Chronique d’une fin de démocratie annoncée ?

Le commentaire de Vive la Liberté m’amène à soumettre à votre réflexion le passage suivant, extrait de mon livre Immigration, intégration : le langage de vérité.

« C’est parce que certains se sont plu à toujours tout minimiser et à tout justifier, même l’injustifiable, que nous en sommes arrivés là : une situation où notre société a fini par engendrer des fauves. Une société qui en vient à légitimer la violence ne pourra qu’être un jour balayée par cette violence. Les hommes et femmes politiques ont à présent très peur des fauves qu’ils ont eux-mêmes créés.
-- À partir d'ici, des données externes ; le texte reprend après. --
lemma integral_basis_exists:
  assumes "q_basis K w" "set w \<subseteq> ring_of_integers K"
  shows "\<exists>w. integral_basis K w"
  using assms
proof (induction "nat \<lfloor>(cmod (det (conj_mat w)))\<^sup>2\<rfloor>" arbitrary: w rule: less_induct)
  case less
  show ?case
  proof (cases "\<forall>x\<in>ring_of_integers K. \<forall>i<n. coord w x i \<in> \<int>")
    case True
    then show ?thesis using integral_basis_if_coord_Ints less.prems by blast
  next
    case False
    then obtain x i0 where "x \<in> ring_of_integers K" "i0 < n" "coord w x i0 \<notin> \<int>" by blast
    then obtain w' where w': "q_basis K w'" "set w' \<subseteq> ring_of_integers K"
      "cmod (det (conj_mat w')) < cmod (det (conj_mat w))"
      using smaller_integral_q_basis less.prems by blast
    obtain k where "(cmod (det (conj_mat w)))\<^sup>2 = of_nat k"
      using norm_det_conj_mat_sq_in_Nats less.prems q_basis_length by (metis Nats_cases)
    moreover obtain k' where "(cmod (det (conj_mat w')))\<^sup>2 = of_nat k'"
      using norm_det_conj_mat_sq_in_Nats w'(1,2) q_basis_length by (metis Nats_cases)
    moreover have "(cmod (det (conj_mat w')))\<^sup>2 < (cmod (det (conj_mat w)))\<^sup>2"
      using w'(3) by (simp add: power_strict_mono)
    ultimately have "nat \<lfloor>(cmod (det (conj_mat w')))\<^sup>2\<rfloor> < nat \<lfloor>(cmod (det (conj_mat w)))\<^sup>2\<rfloor>"
      by simp
    then show ?thesis using less.hyps w'(1,2) by blast
  qed
qed

lemma integral_basis_imp_q_basis:
  assumes w: "integral_basis K w" and v: "q_basis K v" "set v \<subseteq> ring_of_integers K"
  shows "q_basis K w"
  unfolding q_basis_iff
proof (intro conjI subsetI)
  have "v ! j \<in> Q.span (set w)" if "j < length v" for j
  proof -
    have "v ! j \<in> ring_of_integers K" using v(2) that by auto
    then obtain c where "v ! j = (\<Sum>i<length w. of_int (c i) * w ! i)"
      using w unfolding integral_basis_def by blast
    then show ?thesis using Q_span_lincomb[of "\<lambda>i. of_int (c i)" w] by simp
  qed
  then have "Q.span (set v) \<subseteq> Q.span (set w)"
    by (intro Q.span_minimal Q.subspace_span) (auto simp: in_set_conv_nth)
  then show "x \<in> Q.span (set w)" if "x \<in> K" for x
    using v(1) that unfolding q_basis_iff by blast
qed (use w in \<open>auto simp: integral_basis_def ring_of_integers_def\<close>)
lemma pure_power_spreads:
  assumes below: "almost_revlex_below n k G" and k: "1 \<le> k" "k \<le> n"
    and pow: "list_monom (replicate (k - 1) 0 @ [d]) \<in> G"
    and b: "length b = k" "sum_list b = d"
  shows "list_monom b \<in> G"
proof -
  txt \<open>A minimal generator dividing the pure power x_k^d is a pure power x_k^e, the smallest
    monomial of degree e in x_1, ..., x_k.\<close>
  obtain g where g: "min_gen G g" "mdvd g (list_monom (replicate (k - 1) 0 @ [d]))"
    using pow by (rule min_gen_dvd_exists)
  define e where "e = Poly_Mapping.lookup g (k - 1)"
  have g_le: "Poly_Mapping.lookup g j \<le> (if j = k - 1 then d else 0)" for j
    using g(2) unfolding mdvd_def by (metis lookup_pure_power)
  have g_eq: "g = list_monom (replicate (k - 1) 0 @ [e])"
  proof (rule poly_mapping_eqI)
    fix j
    show "Poly_Mapping.lookup g j = Poly_Mapping.lookup (list_monom (replicate (k - 1) 0 @ [e])) j"
      using g_le[of j] unfolding lookup_pure_power e_def by (simp split: if_splits)
  qed
  obtain b' where b': "length b' = k" "\<forall>j<k. b' ! j \<le> b ! j" "sum_list b' = e"
    using exists_list_below_with_sum[of e b] g_le[of "k - 1"] b unfolding e_def by auto
  have "list_monom b' \<in> G"
  proof (cases "b' = replicate (k - 1) 0 @ [e]")
    case True then show ?thesis using g(1) g_eq unfolding min_gen_def by simp
  next
    case False
    then have "drl_less g (list_monom b')"
      using drl_less_pure_power[of b'] b'(1,3) k(1) g_eq by simp
    moreover have "monom_in k g" and "monom_in n (list_monom b')"
      using g_eq k b'(1) by (simp_all add: monom_in_list_monom)
    moreover have "mdeg (list_monom b') = mdeg g" using g_eq b'(3) by simp
    ultimately show ?thesis
      using below g(1) unfolding almost_revlex_below_def by blast
  qed
  then show ?thesis
    by (rule list_monom_dvd_closed) (use b b' k in \<open>auto intro: mdvd_list_monom\<close>)
qed

lemma pure_power_staircase:
  assumes gap: "fval_gap G k" and k: "1 \<le> k" "k < n"
    and a: "a \<in> Jset G k" "fval G a = enat t" and r: "1 \<le> r" "r \<le> t"
  shows "list_monom ((replicate (k - 1) 0 @ [sum_list a + r]) @ [t - r]) \<in> G"
  using r
proof (induction r rule: nat_induct_at_least)
  case base
  have "fval G (replicate (k - 1) 0 @ [sum_list a + 1]) + 1 \<le> enat t"
    using gap a unfolding fval_gap_def by force
  then show ?case
    using fval_le_iff k by (simp add: enat_add_one_le_iff)
next
  case (Suc r)
  let ?p = "replicate (k - 1) 0 @ [sum_list a + r]"
  have p: "length ?p = k" "sum_list ?p = sum_list a + r" using k by simp_all
  have p_next: "replicate (k - 1) 0 @ [sum_list ?p + 1] = replicate (k - 1) 0 @ [sum_list a + Suc r]"
    by simp
  have IH: "list_monom (?p @ [t - r]) \<in> G" using Suc by simp
  show ?case
  proof (cases "list_monom ?p \<in> G")
    case True
    then show ?thesis
      by (rule list_monom_dvd_closed) (use k in \<open>auto intro!: mdvd_list_monom simp: nth_append\<close>)
  next
    case False
    then have "?p \<in> Jset G k" using mem_Jset_iff k p(1) by simp
    then have "fval G (replicate (k - 1) 0 @ [sum_list a + Suc r]) + 1 \<le> fval G ?p"
      using gap p_next unfolding fval_gap_def by metis
    also have "\<dots> \<le> enat (t - r)" using IH fval_le_iff k by simp
    finally show ?thesis
      using fval_le_iff k by (simp add: enat_add_one_le_iff)
  qed
qed
lemma gram_mult:
  assumes G: "G \<in> carrier_mat p q" and K: "K \<in> carrier_mat q n" and "r < n" "c < n"
  shows "gram (G * K) r c = (\<Sum>t<q. \<Sum>t'<q. cnj (K $$ (t,r)) * K $$ (t',c) * gram G t t')"
proof -
  have "gram (G * K) r c = (\<Sum>s<p. cnj (\<Sum>t<q. G $$ (s,t) * K $$ (t,r)) * (\<Sum>t'<q. G $$ (s,t') * K $$ (t',c)))"
    using assms by (auto simp: gram_def index_mult_mat_sum simp del: index_mult_mat(1) intro!: sum.cong)
  also have "\<dots> = (\<Sum>s<p. \<Sum>t<q. \<Sum>t'<q. cnj (K $$ (t,r)) * K $$ (t',c) * (cnj (G $$ (s,t)) * G $$ (s,t')))"
    by (simp add: sum_product sum_distrib_left ac_simps)
  also have "\<dots> = (\<Sum>t<q. \<Sum>t'<q. \<Sum>s<p. cnj (K $$ (t,r)) * K $$ (t',c) * (cnj (G $$ (s,t)) * G $$ (s,t')))"
    by (subst sum.swap) (simp add: sum.swap[of _ "{..<p}"])
  also have "\<dots> = (\<Sum>t<q. \<Sum>t'<q. cnj (K $$ (t,r)) * K $$ (t',c) * gram G t t')"
    using G by (simp add: gram_def sum_distrib_left)
  finally show ?thesis .
qed

lemma kraus_complete_if_foldr:
  assumes "\<forall>K\<in>set Ks. K \<in> carrier_mat m n"
    and "foldr (\<lambda>K S. adj K * K + S) Ks (0\<^sub>m n n) = 1\<^sub>m n"
  shows "kraus_complete n Ks"
proof -
  have "foldr (\<lambda>K S. adj K * K + S) Ks (0\<^sub>m n n) \<in> carrier_mat n n \<and>
    (\<forall>i<n. \<forall>j<n. foldr (\<lambda>K S. adj K * K + S) Ks (0\<^sub>m n n) $$ (i,j) = sum_list (map (\<lambda>K. gram K i j) Ks))"
    using assms(1)
  proof (induction Ks)
    case (Cons K Ks)
    then have "K \<in> carrier_mat m n" by auto
    then have "(adj K * K) $$ (i,j) = gram K i j" if "i < n" "j < n" for i j
      using that by (subst index_mult_mat_sum) (auto simp: gram_def)
    then show ?case using Cons by auto
  qed auto
  then show ?thesis using assms(2) by (simp add: kraus_complete_def)
qed
(* Let $\Omega_0\subseteq\mathbb{R}^{p+1}$ be a domain and $A_0,A_1\in C^{\omega}(\Omega_0,\mathbb{A})$. Then $$GCK[A_0]=HGCK[A_0,0]+\frac1q\,HGCK[0,D_{\mathbf{x}_p}A_0],$$ and $$HGCK[A_0,A_1]=\mathcal{PE}\big[GCK[A_0]\big]+q\,\mathcal{PO}\big[GCK[f_0]\big],$$ where $f_0\in C^\omega(\Omega_0,\mathbb{A})$ is a solution of $D_{\mathbf{x}_p}f_0=A_1$, if it exists (identities holding where all terms are defined).
   Context: Let $\mathbb{A}$ be a real alternative algebra (the associator $[a,b,c]=(ab)c-a(bc)$ is an alternating trilinear function) with unity $1$, of finite real dimension $d>1$, equipped with an anti-involution $a\mapsto a^c$ (real linear, $a^c=a$ for real $a$, $(a^c)^c=a$, $(ab)^c=b^ca^c$). Let $t(x)=x+x^c$, $n(x)=xx^c$, $\mathbb{S}_{\mathbb{A}}=\{x: t(x)=0,\ n(x)=1\}$ (assumed nonempty) and $Q_{\mathbb{A}}=\mathbb{R}\cup\{x: t(x)\in\mathbb{R},\ n(x)\in\mathbb{R},\ 4n(x)>t(x)^2\}$. Let $M$ be a real subspace with $\mathbb{R}\subsetneq M\subseteq Q_{\mathbb{A}}$ having a basis $(v_0,\dots,v_m)$, $m\ge1$, $v_0=1$, $v_s\in\mathbb{S}_{\mathbb{A}}$, $v_sv_t=-v_tv_s$ for distinct $s,t\ge1$; complete it to a basis of $\mathbb{A}$ with associated Euclidean norm. Identify $x=\sum x_sv_s\in M$ with $(x_0,\dots,x_m)\in\mathbb{R}^{m+1}$; differentiate componentwise; $C^\omega$ = componentwise real analytic. Fix $p\in\{0,\dots,m-1\}$, $q=m-p$; $\mathbf{x}=\mathbf{x}_p+\underline{\mathbf{x}}_q$ with $\mathbf{x}_p=\sum_{s=0}^px_sv_s\in\mathbb{R}^{p+1}$, $\underline{\mathbf{x}}_q=\sum_{s=p+1}^m x_sv_s$; $r=|\underline{\mathbf{x}}_q|$. $D_{\mathbf{x}_p}f=\sum_{s=0}^p v_s\partial_{x_s}f$, $\Delta_{\mathbf{x}_p}=\sum_{s=0}^p\partial_{x_s}^2$. With $\mathbf{x}_\diamond=\mathbf{x}_p-\underline{\mathbf{x}}_q$: $\mathcal{PE}[h](\mathbf{x})=\frac12(h(\mathbf{x})+h(\mathbf{x}_\diamond))$, $\mathcal{PO}[h](\mathbf{x})=\frac12(h(\mathbf{x})-h(\mathbf{x}_\diamond))$. The monogenic generalized CK-extension of real analytic $g$ on $\Omega_0$ is $GCK[g](\mathbf{x})=\sum_{k\ge0}\frac{\Gamma(\frac q2)(-1)^kr^{2k}}{2^{2k}k!\Gamma(k+\frac q2)}\Delta_{\mathbf{x}_p}^kg(\mathbf{x}_p)+\underline{\mathbf{x}}_q\sum_{k\ge0}\frac{\Gamma(\frac q2)(-1)^kr^{2k}}{2^{2k+1}k!\Gamma(k+\frac q2+1)}\Delta_{\mathbf{x}_p}^k(D_{\mathbf{x}_p}g(\mathbf{x}_p))$, the unique function of the form $\sum_k\underline{\mathbf{x}}_q^kA_k(\mathbf{x}_p)$ ($A_k$ real analytic, $A_0=g$) which is monogenic ($\sum_{s=0}^mv_s\partial_{x_s}f=0$) on a p-symmetric neighbourhood of $\Omega_0$; the harmonic generalized CK-extension of $(A_0,A_1)$ is $HGCK[A_0,A_1](\mathbf{x})=\sum_{k\ge0}\frac{\Gamma(\frac q2)(-1)^kr^{2k}}{2^{2k}k!\Gamma(k+\frac q2)}\Delta_{\mathbf{x}_p}^kA_0(\mathbf{x}_p)+\underline{\mathbf{x}}_q\sum_{k\ge0}\frac{\Gamma(\frac q2+1)(-1)^kr^{2k}}{2^{2k}k!\Gamma(k+\frac q2+1)}\Delta_{\mathbf{x}_p}^kA_1(\mathbf{x}_p)$, the unique function of the form $\sum_k\underline{\mathbf{x}}_q^kA_k(\mathbf{x}_p)$ with the given $A_0,A_1$ which is harmonic there. *)

theory Defs
  imports "HOL-Analysis.Analysis"
begin

definition assoc_A :: "('a::real_vector \<Rightarrow> 'a \<Rightarrow> 'a) \<Rightarrow> 'a \<Rightarrow> 'a \<Rightarrow> 'a \<Rightarrow> 'a" where
  "assoc_A mul a b c = mul (mul a b) c - mul a (mul b c)"

definition is_real_A :: "'a::real_vector \<Rightarrow> 'a \<Rightarrow> bool" where
  "is_real_A one a \<longleftrightarrow> (\<exists>c::real. a = c *\<^sub>R one)"

definition alt_algebra :: "('a::real_vector \<Rightarrow> 'a \<Rightarrow> 'a) \<Rightarrow> 'a \<Rightarrow> ('a \<Rightarrow> 'a) \<Rightarrow> bool" where
  "alt_algebra mul one inv_c \<longleftrightarrow>
     bilinear mul \<and>
     (\<forall>a. mul one a = a \<and> mul a one = a) \<and>
     (\<forall>a b. assoc_A mul a a b = 0 \<and> assoc_A mul a b a = 0 \<and> assoc_A mul b a a = 0) \<and>
     linear inv_c \<and>
     (\<forall>c::real. inv_c (c *\<^sub>R one) = c *\<^sub>R one) \<and>
     (\<forall>a. inv_c (inv_c a) = a) \<and>
     (\<forall>a b. inv_c (mul a b) = mul (inv_c b) (inv_c a))"

definition tr_A :: "('a::real_vector \<Rightarrow> 'a) \<Rightarrow> 'a \<Rightarrow> 'a" where
  "tr_A inv_c x = x + inv_c x"

definition nm_A :: "('a \<Rightarrow> 'a \<Rightarrow> 'a) \<Rightarrow> ('a \<Rightarrow> 'a) \<Rightarrow> 'a \<Rightarrow> 'a" where
  "nm_A mul inv_c x = mul x (inv_c x)"

definition sphere_A :: "('a::real_vector \<Rightarrow> 'a \<Rightarrow> 'a) \<Rightarrow> 'a \<Rightarrow> ('a \<Rightarrow> 'a) \<Rightarrow> 'a set" where
  "sphere_A mul one inv_c = {x. tr_A inv_c x = 0 \<and> nm_A mul inv_c x = one}"

definition quadratic_cone_A :: "('a::real_vector \<Rightarrow> 'a \<Rightarrow> 'a) \<Rightarrow> 'a \<Rightarrow> ('a \<Rightarrow> 'a) \<Rightarrow> 'a set" where
  "quadratic_cone_A mul one inv_c =
     {x. is_real_A one x} \<union>
     {x. \<exists>t n::real. tr_A inv_c x = t *\<^sub>R one \<and> nm_A mul inv_c x = n *\<^sub>R one \<and> 4 * n > t\<^sup>2}"

definition adm_basis :: "('a::real_vector \<Rightarrow> 'a \<Rightarrow> 'a) \<Rightarrow> 'a \<Rightarrow> ('a \<Rightarrow> 'a) \<Rightarrow> nat \<Rightarrow> (nat \<Rightarrow> 'a) \<Rightarrow> bool" where
  "adm_basis mul one inv_c m v \<longleftrightarrow>
     1 \<le> m \<and> v 0 = one \<and>
     inj_on v {0..m} \<and> independent (v ` {0..m}) \<and>
     (\<forall>s\<in>{1..m}. v s \<in> sphere_A mul one inv_c) \<and>
     (\<forall>s\<in>{1..m}. \<forall>t\<in>{1..m}. s \<noteq> t \<longrightarrow> mul (v s) (v t) = - mul (v t) (v s)) \<and>
     span (v ` {0..m}) \<subseteq> quadratic_cone_A mul one inv_c"

section \<open>Points of R^(n+1) as functions nat => real vanishing beyond n\<close>

definition xp :: "nat \<Rightarrow> (nat \<Rightarrow> real) \<Rightarrow> (nat \<Rightarrow> real)" where
  "xp p x = (\<lambda>i. if i \<le> p then x i else 0)"

definition xq_vec :: "(nat \<Rightarrow> 'a::real_vector) \<Rightarrow> nat \<Rightarrow> nat \<Rightarrow> (nat \<Rightarrow> real) \<Rightarrow> 'a" where
  "xq_vec v p m x = (\<Sum>s\<in>{p+1..m}. x s *\<^sub>R v s)"

definition rq :: "nat \<Rightarrow> nat \<Rightarrow> (nat \<Rightarrow> real) \<Rightarrow> real" where
  "rq p m x = sqrt (\<Sum>s\<in>{p+1..m}. (x s)\<^sup>2)"

definition diamond :: "nat \<Rightarrow> (nat \<Rightarrow> real) \<Rightarrow> (nat \<Rightarrow> real)" where
  "diamond p x = (\<lambda>i. if i \<le> p then x i else - x i)"

definition PE :: "nat \<Rightarrow> ((nat \<Rightarrow> real) \<Rightarrow> 'a::real_vector) \<Rightarrow> (nat \<Rightarrow> real) \<Rightarrow> 'a" where
  "PE p h x = (1/2) *\<^sub>R (h x + h (diamond p x))"

definition PO :: "nat \<Rightarrow> ((nat \<Rightarrow> real) \<Rightarrow> 'a::real_vector) \<Rightarrow> (nat \<Rightarrow> real) \<Rightarrow> 'a" where
  "PO p h x = (1/2) *\<^sub>R (h x - h (diamond p x))"

definition domain_p :: "nat \<Rightarrow> (nat \<Rightarrow> real) set \<Rightarrow> bool" where
  "domain_p p \<Omega> \<longleftrightarrow>
     \<Omega> \<noteq> {} \<and> \<Omega> \<subseteq> {y. \<forall>i>p. y i = 0} \<and>
     (\<forall>y\<in>\<Omega>. \<exists>e>0. \<forall>x. (\<forall>i>p. x i = 0) \<and> (\<forall>i\<le>p. \<bar>x i - y i\<bar> < e) \<longrightarrow> x \<in> \<Omega>) \<and>
     connected \<Omega>"

definition real_analytic_on_p :: "nat \<Rightarrow> (nat \<Rightarrow> real) set \<Rightarrow> ((nat \<Rightarrow> real) \<Rightarrow> 'a::real_normed_vector) \<Rightarrow> bool" where
  "real_analytic_on_p p \<Omega> g \<longleftrightarrow>
     (\<forall>y\<in>\<Omega>. \<exists>e>0. \<exists>c :: (nat \<Rightarrow> nat) \<Rightarrow> 'a.
        \<forall>x. (\<forall>i>p. x i = 0) \<and> (\<forall>i\<le>p. \<bar>x i - y i\<bar> < e) \<longrightarrow>
          ((\<lambda>\<alpha>. (\<Prod>i\<le>p. (x i - y i) ^ \<alpha> i) *\<^sub>R c \<alpha>) has_sum g x) {\<alpha>. \<forall>i>p. \<alpha> i = 0})"

definition pd :: "nat \<Rightarrow> ((nat \<Rightarrow> real) \<Rightarrow> 'a::real_normed_vector) \<Rightarrow> (nat \<Rightarrow> real) \<Rightarrow> 'a" where
  "pd s g y = vector_derivative (\<lambda>t. g (y(s := y s + t))) (at 0)"

definition Dxp :: "('a::real_normed_vector \<Rightarrow> 'a \<Rightarrow> 'a) \<Rightarrow> (nat \<Rightarrow> 'a) \<Rightarrow> nat \<Rightarrow>
                   ((nat \<Rightarrow> real) \<Rightarrow> 'a) \<Rightarrow> (nat \<Rightarrow> real) \<Rightarrow> 'a" where
  "Dxp mul v p g y = (\<Sum>s\<le>p. mul (v s) (pd s g y))"

definition Lap :: "nat \<Rightarrow> ((nat \<Rightarrow> real) \<Rightarrow> 'a::real_normed_vector) \<Rightarrow> (nat \<Rightarrow> real) \<Rightarrow> 'a" where
  "Lap p g y = (\<Sum>s\<le>p. pd s (pd s g) y)"

definition gck_c0 :: "real \<Rightarrow> real \<Rightarrow> nat \<Rightarrow> real" where
  "gck_c0 q r k = Gamma (q/2) * (-1)^k * r^(2*k) / (2^(2*k) * fact k * Gamma (real k + q/2))"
C’est la peur qui guide désormais leurs prises de position et leurs décisions. Anticipant le plus souvent les demandes, ils reculent en leur sacrifiant l’une après l’autre, en guise d’offrande, chacune des vertèbres de la colonne vertébrale de la France. Si la classe politique agit ainsi, c’est parce que la France est devenue sa variable d’ajustement. Elle l’est devenue parce qu’elle ne semble plus croire depuis longtemps à la France, mais aux territoires optimisés dans la mondialisation.

La France est devenue cette variable parce que le peuple français, contraint au silence, ne la défend plus guère, et aussi parce que les Français sont un vieux peuple respectueux de la démocratie. Ils attendent sagement le jour du vote pour tenter d’exprimer, à travers une abstention croissante, leur désaveu de leur classe politique. Or, la violence, c’est malheureusement la seule chose qu’entendent et redoutent les hommes et femmes politiques, et qui guide leur comportement sur ce sujet de l’immigration-insertion-intégration.

C’est cela qui constitue le plus grand danger pour notre démocratie, car les citoyens comprennent petit à petit que respecter la démocratie ne paie pas, et que le joyau des droits de l’homme et du citoyen est en réalité devenu une arme de destruction employée contre eux pour entamer le corps politique qu’ils avaient réussi à constituer. »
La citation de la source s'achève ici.